Der Internationale Museumstag erwies sich erneut als Publikumsmagnet. Die Veranstaltung in Alkersum überzeugte mit insularen Kulturbeiträgen

Mit rund 400 Besuchern seien die Erwartungen mehr als erfüllt worden, denn angesichts des guten Wetters habe man mit einer kleineren Zahl gerechnet, verriet Ingrid Stubenrauch, Mitarbeiterin des Museums Kunst der Westküste in Alkersum, das zum internationalen Museumstag mit einem musikalischen Rahmenprogramm und freiem Eintritt zum Besuch eingeladen hatte.

Schon mehrfach hatten die Kreismusikschule und das Museum bewiesen, dass sie, zu einer fruchtbaren Symbiose vereint, Menschen begeistern können. Gleich vierfach (mit der Mini Big-Band und den Youngstern, Leitung Josef Antoš, sowie dem Bläser-Quartett und der Tidenhup-Big-Band, Leitung Wolfgang Philipp) begleitete die Musikschule den Tag musikalisch.

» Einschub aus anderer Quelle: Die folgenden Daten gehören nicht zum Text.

(* Let $N\ge1$ and let $\psi$ be an Orlicz function satisfying the $\Delta^2$-Condition. Then for every $\zeta\in\mathbb{S}_N$ and every $b>1$ there exists a holomorphic map $\phi:\mathbb{B}_N\to\mathbb{B}_N$ with $\phi(\mathbb{B}_N)\subset\Gamma(\zeta,b)$ such that the composition operator $C_\phi$ is not compact on $H^\psi(\mathbb{B}_N)$.
   Context: $\mathbb{B}_N$ is the open unit ball of $\mathbb{C}^N$, $\mathbb{S}_N$ its boundary sphere with normalized invariant measure $\sigma_N$, $\langle z,w\rangle=\sum_i z_i\overline{w_i}$. For $\zeta\in\mathbb{S}_N$ and $a>1$, the Korányi approach region is $\Gamma(\zeta,a)=\{z\in\mathbb{B}_N:|1-\langle z,\zeta\rangle|<\frac a2(1-|z|^2)\}$. $C_\phi f=f\circ\phi$. An Orlicz function is a strictly convex $\psi:[0,\infty)\to[0,\infty)$ with $\psi(0)=0$, continuous at $0$, and $\psi(x)/x\to\infty$. $\psi$ satisfies the $\Delta^2$-Condition if there exist $C>0$ and $x_0>0$ with $\psi(x)^2\le\psi(Cx)$ for all $x\ge x_0$. The Hardy–Orlicz space $H^\psi(\mathbb{B}_N)$ is the Banach space of holomorphic $f$ on $\mathbb{B}_N$ with $\sup_{0<r<1}\|f_r\|_\psi<\infty$, where $f_r(\zeta)=f(r\zeta)$ and $\|h\|_\psi=\inf\{C>0:\int_{\mathbb{S}_N}\psi(|h|/C)\,d\sigma_N\le1\}$ is the Luxemburg norm. *)

theory Defs
  imports "HOL-Analysis.Analysis"
begin

text \<open>Points of C^N are modelled as complex ^ 'n for a finite type 'n (N = CARD('n) >= 1).
  The norm of complex ^ 'n is the Euclidean norm.\<close>

definition cinner :: "complex ^ 'n \<Rightarrow> complex ^ 'n \<Rightarrow> complex" where
  "cinner z w = (\<Sum>i\<in>UNIV. z $ i * cnj (w $ i))"

definition holo_fun :: "(complex ^ 'n \<Rightarrow> complex) \<Rightarrow> (complex ^ 'n) set \<Rightarrow> bool" where
  "holo_fun f S \<longleftrightarrow> open S \<and> (\<forall>z\<in>S. \<exists>L. (f has_derivative L) (at z) \<and>
      (\<forall>c x. L (c *s x) = c * L x))"

definition holo_map :: "(complex ^ 'n \<Rightarrow> complex ^ 'm) \<Rightarrow> (complex ^ 'n) set \<Rightarrow> bool" where
  "holo_map f S \<longleftrightarrow> open S \<and> (\<forall>z\<in>S. \<exists>L. (f has_derivative L) (at z) \<and>
      (\<forall>c x. L (c *s x) = c *s L x))"

text \<open>Normalized invariant measure on the unit sphere: push-forward of the normalized Lebesgue
  measure of the unit ball under the radial projection x \<mapsto> x/|x|.\<close>

definition sphere_measure :: "(complex ^ 'n) measure" where
  "sphere_measure = distr (uniform_measure lborel (ball 0 1)) borel (\<lambda>x. x /\<^sub>R norm x)"

definition koranyi :: "complex ^ 'n \<Rightarrow> real \<Rightarrow> (complex ^ 'n) set" where
  "koranyi \<zeta> a = {z \<in> ball 0 1. cmod (1 - cinner z \<zeta>) < a / 2 * (1 - (norm z)\<^sup>2)}"

definition orlicz_function :: "(real \<Rightarrow> real) \<Rightarrow> bool" where
  "orlicz_function \<psi> \<longleftrightarrow>
     (\<forall>x\<ge>0. \<psi> x \<ge> 0) \<and>
     (\<forall>x\<ge>0. \<forall>y\<ge>0. \<forall>t::real. x \<noteq> y \<and> 0 < t \<and> t < 1 \<longrightarrow>
        \<psi> (t * x + (1 - t) * y) < t * \<psi> x + (1 - t) * \<psi> y) \<and>
     \<psi> 0 = 0 \<and> continuous (at 0 within {0..}) \<psi> \<and>
     filterlim (\<lambda>x. \<psi> x / x) at_top at_top"

definition delta2_condition :: "(real \<Rightarrow> real) \<Rightarrow> bool" where
  "delta2_condition \<psi> \<longleftrightarrow> (\<exists>C>0. \<exists>x0>0. \<forall>x\<ge>x0. (\<psi> x)\<^sup>2 \<le> \<psi> (C * x))"

definition orlicz_set :: "(real \<Rightarrow> real) \<Rightarrow> (complex ^ 'n \<Rightarrow> complex) \<Rightarrow> real set" where
  "orlicz_set \<psi> h = {C. C > 0 \<and>
     (\<integral>\<^sup>+ \<zeta>. ennreal (\<psi> (cmod (h \<zeta>) / C)) * indicator (sphere 0 1) \<zeta> \<partial>sphere_measure) \<le> 1}"

definition lux_norm :: "(real \<Rightarrow> real) \<Rightarrow> (complex ^ 'n \<Rightarrow> complex) \<Rightarrow> real" where
  "lux_norm \<psi> h = Inf (orlicz_set \<psi> h)"

definition dilate :: "(complex ^ 'n \<Rightarrow> complex) \<Rightarrow> real \<Rightarrow> complex ^ 'n \<Rightarrow> complex" where
  "dilate f r = (\<lambda>\<zeta>. f (r *\<^sub>R \<zeta>))"

text \<open>Hardy--Orlicz space: holomorphic f with sup_{0<r<1} |f_r|_psi finite
  (each |f_r|_psi being finite, i.e. the defining set nonempty).\<close>

definition hardy_orlicz :: "(real \<Rightarrow> real) \<Rightarrow> (complex ^ 'n \<Rightarrow> complex) set" where
  "hardy_orlicz \<psi> = {f. holo_fun f (ball 0 1) \<and>
     (\<exists>M. \<forall>r\<in>{0<..<1}. orlicz_set \<psi> (dilate f r) \<noteq> {} \<and> lux_norm \<psi> (dilate f r) \<le> M)}"

definition ho_norm :: "(real \<Rightarrow> real) \<Rightarrow> (complex ^ 'n \<Rightarrow> complex) \<Rightarrow> real" where
  "ho_norm \<psi> f = (SUP r\<in>{0<..<1}. lux_norm \<psi> (dilate f r))"

definition compact_op_ho ::
  "(real \<Rightarrow> real) \<Rightarrow> ((complex ^ 'n \<Rightarrow> complex) \<Rightarrow> (complex ^ 'n \<Rightarrow> complex)) \<Rightarrow> bool" where
  "compact_op_ho \<psi> T \<longleftrightarrow>
     (\<forall>f\<in>hardy_orlicz \<psi>. T f \<in> hardy_orlicz \<psi>) \<and>
     (\<forall>F::nat \<Rightarrow> (complex ^ 'n \<Rightarrow> complex). (\<forall>k. F k \<in> hardy_orlicz \<psi>) \<and>
         (\<exists>B. \<forall>k. ho_norm \<psi> (F k) \<le> B) \<longrightarrow>
       (\<exists>s g. strict_mono s \<and> g \<in> hardy_orlicz \<psi> \<and>
          (\<lambda>k. ho_norm \<psi> (\<lambda>z. T (F (s k)) z - g z)) \<longlonglongrightarrow> 0))"

definition comp_op :: "(complex ^ 'n \<Rightarrow> complex ^ 'n) \<Rightarrow> (complex ^ 'n \<Rightarrow> complex) \<Rightarrow> (complex ^ 'n \<Rightarrow> complex)" where
  "comp_op \<phi> f = f \<circ> \<phi>"

end

theory Submission
  imports Defs
begin

(*
  Fix zeta on the unit sphere and b > 1.  The symbol is the "slice map"
  phi(z) = U(<z,zeta>) zeta, where U(v) = 1 - eps ((1 - v)/2)^alpha is a holomorphic
  self-map of the disc with |1 - U v| <= |1 - v|^alpha that sends the disc into a
  Stolz angle at 1; for alpha, eps small this forces phi(B_N) into the Koranyi region
  Gamma(zeta, b).

  Non-compactness is tested on the peak functions
      F_K(z) = K ((1 - a)/(1 - a <z,zeta>))^m,        a = a(K) -> 1 as K -> oo.
  (i)  Using the Delta^2-condition, a and m can be chosen so that all F_K lie in a
       fixed ball of H^psi: F_K is <= K on a small cap where psi(K/B) is paid, and
       <= 1 elsewhere (cap measure estimate on the sphere).
  (ii) C_phi F_K is >= K/2^m on a cap of measure ~ 1/psi(K) near zeta (it is here
       that the Holder bound |1 - U v| <= |1 - v|^alpha is used), while |C_phi F_K'| <= K'
       everywhere.  Hence for a rapidly increasing sequence K_j, the images C_phi F_K_j
       are uniformly separated in the Luxemburg norm and no subsequence can converge.
*)

section \<open>Orlicz functions\<close>

lemma orlicz_nonneg: "orlicz_function \<psi> \<Longrightarrow> x \<ge> 0 \<Longrightarrow> \<psi> x \<ge> 0"
  unfolding orlicz_function_def by blast

lemma orlicz_zero: "orlicz_function \<psi> \<Longrightarrow> \<psi> 0 = 0"
  unfolding orlicz_function_def by blast

text \<open>Non-strict convexity on the half line (the definition only states strict convexity).\<close>

lemma orlicz_convex:
  assumes o: "orlicz_function \<psi>" and x: "x \<ge> 0" and y: "y \<ge> 0" and t: "0 \<le> t" "t \<le> 1"
  shows "\<psi> (t * x + (1 - t) * y) \<le> t * \<psi> x + (1 - t) * \<psi> y"
proof -
  consider "x = y" | "t = 0" | "t = 1" | "x \<noteq> y" "0 < t" "t < 1" using t by linarith
  then show ?thesis
  proof cases
    case 1 then show ?thesis by (simp add: algebra_simps flip: distrib_right)
  next
    case 4 then show ?thesis using o x y unfolding orlicz_function_def by (meson less_imp_le)
  qed auto
qed

text \<open>A convex function vanishing at 0 and non-negative is monotone on the half line.\<close>

lemma orlicz_mono:
  assumes o: "orlicz_function \<psi>" and x: "0 \<le> x" and xy: "x \<le> y"
  shows "\<psi> x \<le> \<psi> y"
proof (cases "x = 0")
  case True then show ?thesis using orlicz_zero[OF o] orlicz_nonneg[OF o] x xy by auto
next
  case False
  then have y0: "y > 0" using x xy by auto
  have "\<psi> x = \<psi> ((x/y) * y + (1 - x/y) * 0)" using y0 by simp
  also have "\<dots> \<le> (x/y) * \<psi> y + (1 - x/y) * \<psi> 0"
    by (rule orlicz_convex[OF o]) (use x xy y0 in auto)
  also have "\<dots> \<le> \<psi> y" using orlicz_zero[OF o] orlicz_nonneg[OF o, of y] x xy y0
    by (simp add: divide_le_eq mult.commute mult_right_mono)
  finally show ?thesis .
qed

lemma orlicz_midpoint:
  assumes o: "orlicz_function \<psi>" and x: "x \<ge> 0" and y: "y \<ge> 0"
  shows "\<psi> ((x + y) / 2) \<le> (\<psi> x + \<psi> y) / 2"
  using orlicz_convex[OF o x y, of "1/2"] by (simp add: add_divide_distrib)

lemma orlicz_small_near_zero:
  assumes o: "orlicz_function \<psi>"
  shows "\<exists>y0>0. \<forall>y. 0 \<le> y \<and> y \<le> y0 \<longrightarrow> \<psi> y \<le> 1/2"
proof -
  have "continuous (at 0 within {0..}) \<psi>" using o unfolding orlicz_function_def by blast
  then have "(\<psi> \<longlongrightarrow> 0) (at 0 within {0..})" using orlicz_zero[OF o]
    by (metis continuous_within)
  then have "\<forall>\<^sub>F y in at 0 within {0..}. dist (\<psi> y) 0 < 1/2"
    by (rule tendstoD) simp
  then obtain d where d: "d > 0"
      "\<And>y. y \<in> {0..} \<Longrightarrow> y \<noteq> 0 \<Longrightarrow> dist y 0 < d \<Longrightarrow> dist (\<psi> y) 0 < 1/2"
    unfolding eventually_at by blast
  show ?thesis
  proof (intro exI[of _ "d/2"] conjI allI impI)
    fix y assume y: "0 \<le> y \<and> y \<le> d/2"
    show "\<psi> y \<le> 1/2"
    proof (cases "y = 0")
      case True then show ?thesis using orlicz_zero[OF o] by simp
    next
      case False then show ?thesis using d(2)[of y] y d(1) by auto
    qed
  qed (use d in auto)
qed

lemma orlicz_superlinear:
  assumes o: "orlicz_function \<psi>"
  shows "\<forall>\<^sub>F x in at_top. x \<le> \<psi> x"
proof -
  have "filterlim (\<lambda>x. \<psi> x / x) at_top at_top" using o unfolding orlicz_function_def by blast
  then have "\<forall>\<^sub>F x in at_top. 1 \<le> \<psi> x / x" by (simp add: filterlim_at_top)
  moreover have "\<forall>\<^sub>F x in at_top. (0::real) < x" by (rule eventually_gt_at_top)
  ultimately show ?thesis by eventually_elim (simp add: le_divide_eq)
qed

text \<open>This is what makes \<open>\<psi>(K/B)\<close> tiny compared with \<open>\<psi>(K)\<close> for a fixed large \<open>B\<close>.\<close>

lemma delta2_iterate:
  assumes o: "orlicz_function \<psi>" and d: "delta2_condition \<psi>"
  shows "\<exists>C\<ge>1. \<exists>x0>0. \<forall>J x. x \<ge> x0 \<longrightarrow> \<psi> x ^ (2^J) \<le> \<psi> (C^J * x)"
proof -
  obtain C x0 where C: "C > 0" "x0 > 0" "\<And>x. x \<ge> x0 \<Longrightarrow> (\<psi> x)\<^sup>2 \<le> \<psi> (C * x)"
    using d unfolding delta2_condition_def by blast
  define C' where "C' = max C 1"
  have C': "(\<psi> x)\<^sup>2 \<le> \<psi> (C' * x)" if x: "x \<ge> x0" for x
  proof -
    have "(\<psi> x)\<^sup>2 \<le> \<psi> (C * x)" using C(3) x by blast
    also have "\<dots> \<le> \<psi> (C' * x)" using C x unfolding C'_def
      by (intro orlicz_mono[OF o]) (auto intro!: mult_right_mono)
    finally show ?thesis .
  qed
  have "\<forall>x. x \<ge> x0 \<longrightarrow> \<psi> x ^ (2^J) \<le> \<psi> (C'^J * x)" for J
  proof (induction J)
    case 0 then show ?case by simp
  next
    case (Suc J)
    show ?case
    proof (intro allI impI)
      fix x assume x: "x \<ge> x0"
      have pos: "0 \<le> \<psi> x ^ 2 ^ J" using orlicz_nonneg[OF o, of x] x C by simp
      have "1 * x \<le> C'^J * x" using x C unfolding C'_def by (intro mult_right_mono) auto
      then have ge: "C'^J * x \<ge> x0" using x by simp
      have "\<psi> x ^ 2 ^ Suc J = (\<psi> x ^ 2 ^ J)\<^sup>2" by (simp add: power_mult[symmetric] mult.commute)
      also have "\<dots> \<le> (\<psi> (C'^J * x))\<^sup>2" using Suc x pos by (intro power_mono) auto
      also have "\<dots> \<le> \<psi> (C' * (C'^J * x))" using C' ge by blast
      finally show "\<psi> x ^ 2 ^ Suc J \<le> \<psi> (C' ^ Suc J * x)" by (simp add: mult.assoc)
    qed
  qed
  then show ?thesis using C unfolding C'_def by (intro exI[of _ "max C 1"]) auto
qed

Zudem feierten die Nachwuchsmusiker von „et orkester“ an diesem besonderen Tag eine Premiere. Sie hatten den ersten öffentlichen Auftritt mit ihrem neuen Leiter Detlef Grewe.

Der strahlende Sonnenschein erlaubte sogar eine „Session“ unter freiem Himmel, und, so formulierte es Ingrid Stubenrauch, „dadurch, dass das Wetter so schön war, war es eine ganz besondere Stimmung“.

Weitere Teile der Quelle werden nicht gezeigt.